• **Task goal**: In the listing below, locate the lines bearing the word "valued". Copy every one of them.

• **Data shown**:

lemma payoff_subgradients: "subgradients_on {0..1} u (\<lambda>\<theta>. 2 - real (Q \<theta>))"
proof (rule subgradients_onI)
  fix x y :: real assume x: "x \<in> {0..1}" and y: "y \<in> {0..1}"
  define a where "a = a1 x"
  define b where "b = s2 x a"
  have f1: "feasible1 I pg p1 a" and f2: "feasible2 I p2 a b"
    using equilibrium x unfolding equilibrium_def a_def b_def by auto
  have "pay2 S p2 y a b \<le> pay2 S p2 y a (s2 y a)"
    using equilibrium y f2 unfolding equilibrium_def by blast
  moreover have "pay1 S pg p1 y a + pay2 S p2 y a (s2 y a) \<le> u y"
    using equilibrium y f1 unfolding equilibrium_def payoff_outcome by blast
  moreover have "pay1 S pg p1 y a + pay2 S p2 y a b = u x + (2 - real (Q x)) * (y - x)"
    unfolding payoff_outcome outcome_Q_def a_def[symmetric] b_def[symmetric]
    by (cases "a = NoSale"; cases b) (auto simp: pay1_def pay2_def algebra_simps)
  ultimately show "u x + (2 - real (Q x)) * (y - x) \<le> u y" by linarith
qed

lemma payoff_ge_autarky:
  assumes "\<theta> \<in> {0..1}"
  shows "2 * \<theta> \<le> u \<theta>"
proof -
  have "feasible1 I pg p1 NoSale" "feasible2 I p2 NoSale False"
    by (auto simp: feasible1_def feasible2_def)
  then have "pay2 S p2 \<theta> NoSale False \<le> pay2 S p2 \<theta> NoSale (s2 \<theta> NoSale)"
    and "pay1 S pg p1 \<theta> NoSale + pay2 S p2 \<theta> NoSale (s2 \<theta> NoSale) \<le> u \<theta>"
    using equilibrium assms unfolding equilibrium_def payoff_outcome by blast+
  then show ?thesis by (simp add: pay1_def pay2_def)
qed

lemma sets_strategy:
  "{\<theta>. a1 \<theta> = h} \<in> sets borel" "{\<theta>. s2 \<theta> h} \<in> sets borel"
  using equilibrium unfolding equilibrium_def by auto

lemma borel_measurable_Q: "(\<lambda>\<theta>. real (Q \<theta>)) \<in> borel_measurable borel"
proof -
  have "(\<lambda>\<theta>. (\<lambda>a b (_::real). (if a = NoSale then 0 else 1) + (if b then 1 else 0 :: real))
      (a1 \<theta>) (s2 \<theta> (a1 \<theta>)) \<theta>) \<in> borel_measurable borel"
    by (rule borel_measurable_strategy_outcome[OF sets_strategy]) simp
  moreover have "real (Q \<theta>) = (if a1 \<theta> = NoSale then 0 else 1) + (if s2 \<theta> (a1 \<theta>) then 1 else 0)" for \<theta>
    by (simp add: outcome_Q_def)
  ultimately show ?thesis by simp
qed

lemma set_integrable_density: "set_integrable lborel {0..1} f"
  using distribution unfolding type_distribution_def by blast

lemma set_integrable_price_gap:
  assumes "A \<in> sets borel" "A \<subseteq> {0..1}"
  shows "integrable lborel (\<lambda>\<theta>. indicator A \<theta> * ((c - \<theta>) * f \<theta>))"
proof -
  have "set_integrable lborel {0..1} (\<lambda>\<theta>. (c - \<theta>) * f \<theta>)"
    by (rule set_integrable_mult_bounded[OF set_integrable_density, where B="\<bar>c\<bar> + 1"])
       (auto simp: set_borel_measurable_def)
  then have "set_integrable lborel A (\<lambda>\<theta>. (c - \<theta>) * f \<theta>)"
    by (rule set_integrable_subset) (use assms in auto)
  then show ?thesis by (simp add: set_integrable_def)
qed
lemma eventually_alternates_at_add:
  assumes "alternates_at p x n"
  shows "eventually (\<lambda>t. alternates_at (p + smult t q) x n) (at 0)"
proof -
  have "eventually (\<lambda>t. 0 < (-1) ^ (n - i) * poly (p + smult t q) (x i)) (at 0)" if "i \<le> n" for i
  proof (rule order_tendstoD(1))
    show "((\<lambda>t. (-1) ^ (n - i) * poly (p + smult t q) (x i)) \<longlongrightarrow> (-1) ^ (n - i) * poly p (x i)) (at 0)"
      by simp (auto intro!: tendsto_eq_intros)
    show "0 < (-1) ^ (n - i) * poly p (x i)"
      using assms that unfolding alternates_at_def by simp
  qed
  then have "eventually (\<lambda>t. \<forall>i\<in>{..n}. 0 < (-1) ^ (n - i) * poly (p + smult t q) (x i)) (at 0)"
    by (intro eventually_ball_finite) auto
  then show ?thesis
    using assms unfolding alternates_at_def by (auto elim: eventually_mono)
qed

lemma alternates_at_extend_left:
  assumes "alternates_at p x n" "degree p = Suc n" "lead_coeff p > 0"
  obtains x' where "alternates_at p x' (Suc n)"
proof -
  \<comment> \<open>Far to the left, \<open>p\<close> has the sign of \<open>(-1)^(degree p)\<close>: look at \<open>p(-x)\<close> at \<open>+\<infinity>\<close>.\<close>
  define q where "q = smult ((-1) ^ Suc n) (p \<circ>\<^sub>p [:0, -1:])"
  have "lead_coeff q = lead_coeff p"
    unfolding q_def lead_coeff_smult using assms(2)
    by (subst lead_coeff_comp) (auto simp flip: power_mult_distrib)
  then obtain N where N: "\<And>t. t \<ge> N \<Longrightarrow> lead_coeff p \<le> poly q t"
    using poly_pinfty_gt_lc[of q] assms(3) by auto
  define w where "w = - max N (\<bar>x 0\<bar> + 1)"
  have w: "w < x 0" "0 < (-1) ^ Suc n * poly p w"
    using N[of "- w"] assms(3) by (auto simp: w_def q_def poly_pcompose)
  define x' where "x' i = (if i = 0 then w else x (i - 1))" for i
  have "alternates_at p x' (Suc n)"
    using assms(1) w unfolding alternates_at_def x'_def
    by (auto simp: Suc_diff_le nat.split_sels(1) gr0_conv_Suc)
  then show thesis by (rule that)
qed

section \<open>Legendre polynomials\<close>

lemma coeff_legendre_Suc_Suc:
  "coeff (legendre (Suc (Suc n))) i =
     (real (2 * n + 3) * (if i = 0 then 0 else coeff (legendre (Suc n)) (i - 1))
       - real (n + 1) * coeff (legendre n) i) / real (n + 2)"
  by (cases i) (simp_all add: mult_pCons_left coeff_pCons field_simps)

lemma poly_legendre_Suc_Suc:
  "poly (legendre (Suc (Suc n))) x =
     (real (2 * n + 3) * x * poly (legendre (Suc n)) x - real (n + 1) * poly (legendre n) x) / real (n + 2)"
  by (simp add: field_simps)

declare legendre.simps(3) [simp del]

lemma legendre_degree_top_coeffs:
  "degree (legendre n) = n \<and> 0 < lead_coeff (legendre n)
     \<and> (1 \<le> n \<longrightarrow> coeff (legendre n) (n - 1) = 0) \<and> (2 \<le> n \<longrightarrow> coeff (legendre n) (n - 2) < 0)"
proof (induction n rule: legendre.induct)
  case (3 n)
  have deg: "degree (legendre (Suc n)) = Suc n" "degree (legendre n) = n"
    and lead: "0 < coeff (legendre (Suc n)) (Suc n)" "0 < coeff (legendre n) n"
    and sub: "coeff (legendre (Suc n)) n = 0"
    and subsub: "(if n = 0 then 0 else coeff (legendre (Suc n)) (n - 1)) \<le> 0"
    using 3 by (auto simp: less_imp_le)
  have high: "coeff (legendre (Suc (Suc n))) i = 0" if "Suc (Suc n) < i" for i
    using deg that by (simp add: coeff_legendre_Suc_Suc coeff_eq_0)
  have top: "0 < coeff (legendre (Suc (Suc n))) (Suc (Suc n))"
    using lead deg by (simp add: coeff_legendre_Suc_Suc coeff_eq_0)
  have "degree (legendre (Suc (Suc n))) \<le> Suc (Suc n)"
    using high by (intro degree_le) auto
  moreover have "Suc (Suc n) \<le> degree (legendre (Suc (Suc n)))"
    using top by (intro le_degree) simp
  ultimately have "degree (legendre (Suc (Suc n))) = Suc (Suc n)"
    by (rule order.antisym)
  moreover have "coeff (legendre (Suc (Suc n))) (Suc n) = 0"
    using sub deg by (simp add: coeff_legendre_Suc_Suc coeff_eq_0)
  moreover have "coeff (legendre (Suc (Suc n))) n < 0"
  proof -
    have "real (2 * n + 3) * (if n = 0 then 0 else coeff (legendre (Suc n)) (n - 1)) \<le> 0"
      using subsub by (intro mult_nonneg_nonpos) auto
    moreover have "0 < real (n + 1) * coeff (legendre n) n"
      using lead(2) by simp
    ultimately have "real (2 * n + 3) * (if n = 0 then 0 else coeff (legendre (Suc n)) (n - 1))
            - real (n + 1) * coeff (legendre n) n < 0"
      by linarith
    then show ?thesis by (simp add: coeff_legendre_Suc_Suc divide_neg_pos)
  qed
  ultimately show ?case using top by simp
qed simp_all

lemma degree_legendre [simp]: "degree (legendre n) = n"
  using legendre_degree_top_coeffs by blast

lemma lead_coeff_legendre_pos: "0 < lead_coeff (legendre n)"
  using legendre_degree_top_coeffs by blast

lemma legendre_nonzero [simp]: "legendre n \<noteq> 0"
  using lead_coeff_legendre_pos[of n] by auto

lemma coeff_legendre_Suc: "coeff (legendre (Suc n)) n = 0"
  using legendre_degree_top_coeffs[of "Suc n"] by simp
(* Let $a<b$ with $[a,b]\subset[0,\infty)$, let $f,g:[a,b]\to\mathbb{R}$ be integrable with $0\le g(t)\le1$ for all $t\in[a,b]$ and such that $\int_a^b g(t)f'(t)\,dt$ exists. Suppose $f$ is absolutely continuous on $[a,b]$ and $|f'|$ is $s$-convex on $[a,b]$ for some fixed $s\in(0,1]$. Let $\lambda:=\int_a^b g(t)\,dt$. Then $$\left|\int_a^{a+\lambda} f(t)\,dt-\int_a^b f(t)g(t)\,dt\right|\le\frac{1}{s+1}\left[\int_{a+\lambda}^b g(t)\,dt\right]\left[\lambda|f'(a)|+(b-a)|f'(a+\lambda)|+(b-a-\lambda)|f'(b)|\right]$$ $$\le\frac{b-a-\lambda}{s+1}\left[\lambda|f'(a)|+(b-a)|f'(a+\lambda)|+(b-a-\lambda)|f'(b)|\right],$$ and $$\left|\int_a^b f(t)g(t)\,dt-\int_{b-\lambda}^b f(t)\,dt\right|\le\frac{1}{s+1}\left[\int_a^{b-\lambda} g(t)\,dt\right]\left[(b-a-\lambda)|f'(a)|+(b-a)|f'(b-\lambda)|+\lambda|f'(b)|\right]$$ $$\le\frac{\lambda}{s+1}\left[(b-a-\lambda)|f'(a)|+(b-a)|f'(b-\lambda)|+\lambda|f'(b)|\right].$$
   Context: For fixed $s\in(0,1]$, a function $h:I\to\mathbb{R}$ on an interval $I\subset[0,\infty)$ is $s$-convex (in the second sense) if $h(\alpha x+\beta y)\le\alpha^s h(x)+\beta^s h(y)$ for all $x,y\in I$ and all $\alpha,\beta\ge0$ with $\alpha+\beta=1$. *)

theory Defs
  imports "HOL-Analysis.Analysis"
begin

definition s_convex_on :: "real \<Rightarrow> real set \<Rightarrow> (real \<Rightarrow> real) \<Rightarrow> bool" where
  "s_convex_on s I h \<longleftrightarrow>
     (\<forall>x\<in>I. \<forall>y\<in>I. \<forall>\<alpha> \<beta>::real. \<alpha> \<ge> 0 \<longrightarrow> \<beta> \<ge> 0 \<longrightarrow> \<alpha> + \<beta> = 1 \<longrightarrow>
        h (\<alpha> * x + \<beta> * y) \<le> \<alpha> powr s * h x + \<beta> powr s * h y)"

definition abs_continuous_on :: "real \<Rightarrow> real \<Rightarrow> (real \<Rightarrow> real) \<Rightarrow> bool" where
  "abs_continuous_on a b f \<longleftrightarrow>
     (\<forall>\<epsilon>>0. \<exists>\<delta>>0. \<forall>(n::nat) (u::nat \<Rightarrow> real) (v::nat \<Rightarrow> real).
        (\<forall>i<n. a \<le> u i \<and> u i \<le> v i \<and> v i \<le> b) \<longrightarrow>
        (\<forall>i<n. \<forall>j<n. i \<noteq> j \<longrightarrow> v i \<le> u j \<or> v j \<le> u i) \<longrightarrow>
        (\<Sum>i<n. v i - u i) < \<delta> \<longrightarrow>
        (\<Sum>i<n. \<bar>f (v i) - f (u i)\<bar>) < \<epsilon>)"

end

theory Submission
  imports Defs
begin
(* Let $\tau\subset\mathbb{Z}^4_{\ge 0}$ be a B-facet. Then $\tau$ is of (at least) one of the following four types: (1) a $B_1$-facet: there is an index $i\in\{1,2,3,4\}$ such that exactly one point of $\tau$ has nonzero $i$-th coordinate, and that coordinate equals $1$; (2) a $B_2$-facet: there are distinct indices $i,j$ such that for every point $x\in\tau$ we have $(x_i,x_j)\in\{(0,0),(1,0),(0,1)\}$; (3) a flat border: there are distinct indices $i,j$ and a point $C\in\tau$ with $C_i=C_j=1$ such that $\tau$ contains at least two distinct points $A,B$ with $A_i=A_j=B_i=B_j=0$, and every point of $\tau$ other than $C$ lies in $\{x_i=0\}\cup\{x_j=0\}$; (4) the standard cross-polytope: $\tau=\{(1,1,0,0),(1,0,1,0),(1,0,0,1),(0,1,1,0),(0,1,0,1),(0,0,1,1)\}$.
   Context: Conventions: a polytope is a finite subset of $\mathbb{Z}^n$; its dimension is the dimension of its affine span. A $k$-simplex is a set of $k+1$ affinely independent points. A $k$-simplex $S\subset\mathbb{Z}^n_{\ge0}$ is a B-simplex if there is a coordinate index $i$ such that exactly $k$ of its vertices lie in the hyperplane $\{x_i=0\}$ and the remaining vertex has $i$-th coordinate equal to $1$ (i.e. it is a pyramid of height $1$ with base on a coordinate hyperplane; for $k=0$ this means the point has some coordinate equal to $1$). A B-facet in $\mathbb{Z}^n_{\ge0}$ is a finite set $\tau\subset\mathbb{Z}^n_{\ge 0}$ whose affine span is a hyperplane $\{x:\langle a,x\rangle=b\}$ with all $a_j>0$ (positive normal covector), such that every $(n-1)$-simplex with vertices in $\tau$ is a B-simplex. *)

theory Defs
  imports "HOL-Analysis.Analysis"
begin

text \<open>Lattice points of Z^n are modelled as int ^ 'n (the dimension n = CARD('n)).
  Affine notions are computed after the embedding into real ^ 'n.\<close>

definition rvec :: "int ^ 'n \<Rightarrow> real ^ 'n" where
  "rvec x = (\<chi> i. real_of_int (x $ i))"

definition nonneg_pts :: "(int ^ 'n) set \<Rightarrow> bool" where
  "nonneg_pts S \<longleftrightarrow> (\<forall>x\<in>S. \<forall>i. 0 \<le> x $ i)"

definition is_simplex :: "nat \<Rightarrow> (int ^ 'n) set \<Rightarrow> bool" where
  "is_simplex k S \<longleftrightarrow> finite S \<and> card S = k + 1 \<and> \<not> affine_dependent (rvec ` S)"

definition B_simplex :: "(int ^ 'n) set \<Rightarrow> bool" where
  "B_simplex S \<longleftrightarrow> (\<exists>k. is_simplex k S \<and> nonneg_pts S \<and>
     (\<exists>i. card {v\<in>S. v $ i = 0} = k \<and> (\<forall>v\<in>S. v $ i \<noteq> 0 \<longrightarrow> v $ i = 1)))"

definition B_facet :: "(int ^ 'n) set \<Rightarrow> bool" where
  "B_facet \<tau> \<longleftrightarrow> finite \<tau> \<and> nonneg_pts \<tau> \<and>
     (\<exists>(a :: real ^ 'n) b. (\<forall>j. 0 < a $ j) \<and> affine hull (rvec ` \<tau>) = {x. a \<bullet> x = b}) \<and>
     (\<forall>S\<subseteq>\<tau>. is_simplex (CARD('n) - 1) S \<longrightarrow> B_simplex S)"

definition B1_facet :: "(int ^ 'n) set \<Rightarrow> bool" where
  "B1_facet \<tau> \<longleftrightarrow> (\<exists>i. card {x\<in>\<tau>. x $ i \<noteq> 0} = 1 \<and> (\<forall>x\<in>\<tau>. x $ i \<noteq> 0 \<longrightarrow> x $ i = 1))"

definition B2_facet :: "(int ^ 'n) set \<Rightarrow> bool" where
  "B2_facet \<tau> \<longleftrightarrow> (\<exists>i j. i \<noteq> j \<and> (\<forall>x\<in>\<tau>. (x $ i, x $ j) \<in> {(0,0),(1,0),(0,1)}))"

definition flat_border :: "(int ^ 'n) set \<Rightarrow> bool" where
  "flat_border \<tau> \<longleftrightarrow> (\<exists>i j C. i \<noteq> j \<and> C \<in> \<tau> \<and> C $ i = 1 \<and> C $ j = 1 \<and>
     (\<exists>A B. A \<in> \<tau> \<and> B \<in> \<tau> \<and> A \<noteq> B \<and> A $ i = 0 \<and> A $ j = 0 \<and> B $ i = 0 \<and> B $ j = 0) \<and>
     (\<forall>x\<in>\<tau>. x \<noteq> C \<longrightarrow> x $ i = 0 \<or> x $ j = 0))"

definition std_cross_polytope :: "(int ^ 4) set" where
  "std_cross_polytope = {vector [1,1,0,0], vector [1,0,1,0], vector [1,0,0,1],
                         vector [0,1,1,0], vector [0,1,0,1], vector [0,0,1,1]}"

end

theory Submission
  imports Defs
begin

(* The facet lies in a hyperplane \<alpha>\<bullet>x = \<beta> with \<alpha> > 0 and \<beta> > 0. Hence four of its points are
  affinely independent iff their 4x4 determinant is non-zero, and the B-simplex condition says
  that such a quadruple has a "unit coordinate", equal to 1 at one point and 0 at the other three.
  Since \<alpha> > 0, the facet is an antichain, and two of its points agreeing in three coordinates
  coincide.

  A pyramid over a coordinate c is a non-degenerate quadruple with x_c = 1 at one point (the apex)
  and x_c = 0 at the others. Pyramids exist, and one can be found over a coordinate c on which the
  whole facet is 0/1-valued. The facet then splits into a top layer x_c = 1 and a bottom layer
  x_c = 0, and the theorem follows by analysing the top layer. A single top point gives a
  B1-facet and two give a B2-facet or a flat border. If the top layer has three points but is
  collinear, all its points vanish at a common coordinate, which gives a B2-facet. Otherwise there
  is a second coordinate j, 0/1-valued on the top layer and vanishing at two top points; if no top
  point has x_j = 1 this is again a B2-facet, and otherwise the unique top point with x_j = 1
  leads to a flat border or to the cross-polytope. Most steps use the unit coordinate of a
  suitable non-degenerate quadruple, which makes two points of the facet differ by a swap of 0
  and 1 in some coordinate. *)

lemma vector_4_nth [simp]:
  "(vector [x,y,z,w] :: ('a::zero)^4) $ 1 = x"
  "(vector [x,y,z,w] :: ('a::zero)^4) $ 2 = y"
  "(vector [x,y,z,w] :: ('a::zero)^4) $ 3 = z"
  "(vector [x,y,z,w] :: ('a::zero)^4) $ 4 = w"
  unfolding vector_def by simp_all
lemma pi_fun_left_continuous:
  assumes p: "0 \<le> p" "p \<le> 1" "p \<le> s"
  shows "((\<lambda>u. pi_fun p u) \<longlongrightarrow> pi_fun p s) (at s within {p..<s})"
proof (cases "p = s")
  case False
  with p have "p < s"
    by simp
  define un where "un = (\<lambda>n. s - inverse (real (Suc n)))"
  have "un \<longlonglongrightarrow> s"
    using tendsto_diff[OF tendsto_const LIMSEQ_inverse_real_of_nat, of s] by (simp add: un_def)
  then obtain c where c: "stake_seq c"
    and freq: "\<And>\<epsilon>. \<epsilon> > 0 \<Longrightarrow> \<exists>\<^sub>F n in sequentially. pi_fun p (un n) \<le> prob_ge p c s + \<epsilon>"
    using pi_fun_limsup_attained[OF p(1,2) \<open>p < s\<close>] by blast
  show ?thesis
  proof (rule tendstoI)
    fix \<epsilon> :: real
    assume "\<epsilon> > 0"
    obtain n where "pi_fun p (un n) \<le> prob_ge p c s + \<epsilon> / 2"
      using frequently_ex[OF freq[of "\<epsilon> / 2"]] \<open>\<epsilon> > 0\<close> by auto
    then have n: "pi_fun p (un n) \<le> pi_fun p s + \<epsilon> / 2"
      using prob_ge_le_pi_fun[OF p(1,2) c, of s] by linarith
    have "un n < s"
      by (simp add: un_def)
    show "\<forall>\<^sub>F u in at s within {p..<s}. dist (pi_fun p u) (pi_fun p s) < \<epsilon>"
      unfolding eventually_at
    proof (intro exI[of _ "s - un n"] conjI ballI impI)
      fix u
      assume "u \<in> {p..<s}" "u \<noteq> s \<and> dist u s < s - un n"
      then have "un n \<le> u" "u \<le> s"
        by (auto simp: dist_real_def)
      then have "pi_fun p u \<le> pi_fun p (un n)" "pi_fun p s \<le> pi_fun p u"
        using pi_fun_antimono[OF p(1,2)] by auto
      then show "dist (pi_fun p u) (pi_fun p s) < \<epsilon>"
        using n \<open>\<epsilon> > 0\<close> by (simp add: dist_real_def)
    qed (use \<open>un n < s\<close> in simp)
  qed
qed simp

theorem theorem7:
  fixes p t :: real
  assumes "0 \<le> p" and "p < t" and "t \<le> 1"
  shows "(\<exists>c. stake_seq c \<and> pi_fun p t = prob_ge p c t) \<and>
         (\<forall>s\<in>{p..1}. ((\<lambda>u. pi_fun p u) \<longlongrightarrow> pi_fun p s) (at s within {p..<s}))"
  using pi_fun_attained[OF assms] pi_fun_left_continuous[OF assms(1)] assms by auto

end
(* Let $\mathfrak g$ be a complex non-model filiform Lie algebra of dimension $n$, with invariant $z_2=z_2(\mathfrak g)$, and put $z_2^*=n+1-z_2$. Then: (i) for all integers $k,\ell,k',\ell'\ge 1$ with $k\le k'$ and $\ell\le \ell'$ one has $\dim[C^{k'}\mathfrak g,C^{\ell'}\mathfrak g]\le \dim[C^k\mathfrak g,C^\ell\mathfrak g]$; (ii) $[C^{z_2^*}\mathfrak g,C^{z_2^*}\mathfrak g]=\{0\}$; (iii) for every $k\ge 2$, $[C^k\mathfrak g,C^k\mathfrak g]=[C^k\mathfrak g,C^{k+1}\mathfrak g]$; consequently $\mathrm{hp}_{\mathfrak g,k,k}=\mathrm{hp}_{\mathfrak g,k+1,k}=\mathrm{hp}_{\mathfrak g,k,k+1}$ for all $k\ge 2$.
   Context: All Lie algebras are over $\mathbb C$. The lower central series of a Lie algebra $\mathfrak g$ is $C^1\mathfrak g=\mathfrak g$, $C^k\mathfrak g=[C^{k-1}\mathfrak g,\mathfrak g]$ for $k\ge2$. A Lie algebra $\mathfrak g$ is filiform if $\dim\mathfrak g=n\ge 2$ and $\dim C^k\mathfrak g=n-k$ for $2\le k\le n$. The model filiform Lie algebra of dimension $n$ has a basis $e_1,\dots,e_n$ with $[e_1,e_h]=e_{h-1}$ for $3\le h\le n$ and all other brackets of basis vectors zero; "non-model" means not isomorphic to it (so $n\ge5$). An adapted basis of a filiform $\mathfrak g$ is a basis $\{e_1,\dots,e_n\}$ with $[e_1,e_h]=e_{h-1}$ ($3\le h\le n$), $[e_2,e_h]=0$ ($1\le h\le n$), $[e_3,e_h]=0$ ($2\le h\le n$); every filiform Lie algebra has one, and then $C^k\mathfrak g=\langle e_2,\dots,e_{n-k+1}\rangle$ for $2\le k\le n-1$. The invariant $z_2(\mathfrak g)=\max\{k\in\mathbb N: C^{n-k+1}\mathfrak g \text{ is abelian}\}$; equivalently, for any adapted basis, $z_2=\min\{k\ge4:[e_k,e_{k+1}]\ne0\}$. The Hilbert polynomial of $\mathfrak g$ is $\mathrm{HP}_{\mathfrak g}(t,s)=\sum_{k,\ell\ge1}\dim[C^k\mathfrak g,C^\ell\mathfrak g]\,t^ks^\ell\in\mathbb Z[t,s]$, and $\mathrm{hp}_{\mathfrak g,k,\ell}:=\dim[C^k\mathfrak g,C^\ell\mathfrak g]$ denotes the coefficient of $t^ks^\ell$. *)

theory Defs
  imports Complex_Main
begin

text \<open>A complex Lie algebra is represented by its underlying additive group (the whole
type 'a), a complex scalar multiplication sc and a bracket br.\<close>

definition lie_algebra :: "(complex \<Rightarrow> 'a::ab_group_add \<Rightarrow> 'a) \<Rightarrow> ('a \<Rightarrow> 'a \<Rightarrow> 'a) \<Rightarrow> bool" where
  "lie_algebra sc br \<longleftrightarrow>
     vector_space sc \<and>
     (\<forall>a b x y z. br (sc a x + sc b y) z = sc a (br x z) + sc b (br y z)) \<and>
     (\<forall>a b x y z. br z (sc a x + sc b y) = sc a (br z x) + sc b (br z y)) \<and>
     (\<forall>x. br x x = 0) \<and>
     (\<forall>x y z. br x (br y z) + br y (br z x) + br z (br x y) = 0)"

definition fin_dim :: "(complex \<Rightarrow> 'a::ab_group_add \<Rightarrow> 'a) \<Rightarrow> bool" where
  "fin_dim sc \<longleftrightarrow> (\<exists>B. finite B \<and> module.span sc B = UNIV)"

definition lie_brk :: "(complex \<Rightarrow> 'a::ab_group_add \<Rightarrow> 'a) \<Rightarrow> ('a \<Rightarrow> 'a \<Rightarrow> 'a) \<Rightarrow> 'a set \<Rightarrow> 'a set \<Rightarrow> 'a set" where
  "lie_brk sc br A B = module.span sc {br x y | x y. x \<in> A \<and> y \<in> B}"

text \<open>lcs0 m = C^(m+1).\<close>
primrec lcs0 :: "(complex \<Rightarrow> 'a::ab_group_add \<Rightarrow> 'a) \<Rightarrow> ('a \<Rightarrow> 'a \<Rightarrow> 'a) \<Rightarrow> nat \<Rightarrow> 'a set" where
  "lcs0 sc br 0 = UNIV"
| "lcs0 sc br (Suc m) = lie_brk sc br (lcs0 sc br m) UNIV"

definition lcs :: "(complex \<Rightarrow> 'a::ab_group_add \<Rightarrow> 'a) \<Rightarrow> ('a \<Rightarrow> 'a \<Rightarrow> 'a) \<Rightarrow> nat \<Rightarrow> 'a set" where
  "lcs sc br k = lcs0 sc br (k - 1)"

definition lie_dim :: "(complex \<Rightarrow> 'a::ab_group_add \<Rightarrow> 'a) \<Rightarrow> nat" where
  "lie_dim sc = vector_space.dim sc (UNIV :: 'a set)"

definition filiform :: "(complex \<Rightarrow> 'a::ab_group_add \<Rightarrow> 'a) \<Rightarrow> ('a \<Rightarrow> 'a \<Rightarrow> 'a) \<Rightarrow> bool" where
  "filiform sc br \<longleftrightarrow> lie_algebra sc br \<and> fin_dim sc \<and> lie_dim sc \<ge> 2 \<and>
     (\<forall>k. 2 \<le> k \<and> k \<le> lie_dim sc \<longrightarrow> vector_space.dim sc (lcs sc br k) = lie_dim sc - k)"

• **Response to this exercise**:
  whole facet is 0/1-valued. The facet then splits into a top layer x_c = 1 and a bottom layer
  is a second coordinate j, 0/1-valued on the top layer and vanishing at two top points; if no top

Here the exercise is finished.